Task requirements:
Exactly transcribe the line that holds "theory Defs" and every remaining line of the records, up to and including the final one, with nothing else.

Records for this exercise:
(* Consider any fractional two-stage algorithm that in the first stage chooses a fractional matching $x$ of $(D_1,S,E_1)$ (as a function of the first-stage graph and the advice $A$) and in the second stage chooses an optimal solution of (P2) with respect to $x$, and suppose it is $R$-robust and $C$-consistent, i.e. its value $\mathsf{ALG}(G,A)=\sum_j w_j(x_j+y_j)$ satisfies $\mathsf{ALG}(G,A)\ge R\cdot\mathsf{OPT}(G)$ and $\mathsf{ALG}(G,A)\ge C\cdot\mathsf{ADVICE}(G,A)$ for all $G,A$. Define the randomized integral algorithm which samples a random matching $M_1\subseteq E_1$ with $\Pr[(i,j)\in M_1]=x_{ij}$ for all $(i,j)\in E_1$, and then takes $M_2$ to be a maximum-weight matching among the edges of $E_2$ whose offline endpoint is not covered by $M_1$. Then the expected weight of offline vertices covered by $M_1\cup M_2$ is at least $R\cdot\mathsf{OPT}(G)$ and at least $C\cdot\mathsf{ADVICE}(G,A)$ for all $G,A$.
   Context: Setting (two-stage vertex-weighted bipartite matching with advice). A bipartite graph $G=(D,S,E)$ has offline vertices $S$ with weights $w_j\ge0$ and online vertices $D=D_1\sqcup D_2$; $E_k$ is the set of edges between $D_k$ and $S$. The advice is a matching $A\subseteq E_1$; $S_1$ is the set of offline vertices covered by $A$. A fractional matching $x$ of $(D_1,S,E_1)$ satisfies $x_{ij}\ge0$, $\sum_{j}x_{ij}\le1$ for each $i\in D_1$, and $x_j:=\sum_i x_{ij}\le 1$ for each $j\in S$ (such $x$ is a convex combination of integral matchings, so the sampling is possible). (P2): maximize $\sum_{j\in S}w_jy_j$ subject to $y_{ij}\ge0$ for $(i,j)\in E_2$, $\sum_j y_{ij}\le1$ ($i\in D_2$), $y_j:=\sum_i y_{ij}\le 1-x_j$ ($j\in S$). $\mathsf{OPT}(G)$ is the maximum weight of a matching in $G$ (weight = sum of weights of covered offline vertices); $\mathsf{ADVICE}(G,A)=\sum_{j\in S_1}w_j+\max\{\sum_{j\text{ covered by }M}w_j: M\subseteq E_2\text{ a matching covering no vertex of } S_1\}$. *)

theory Defs
  imports "HOL-Probability.Probability_Mass_Function"
begin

Worked solution:
theory Defs
  imports "HOL-Probability.Probability_Mass_Function"
begin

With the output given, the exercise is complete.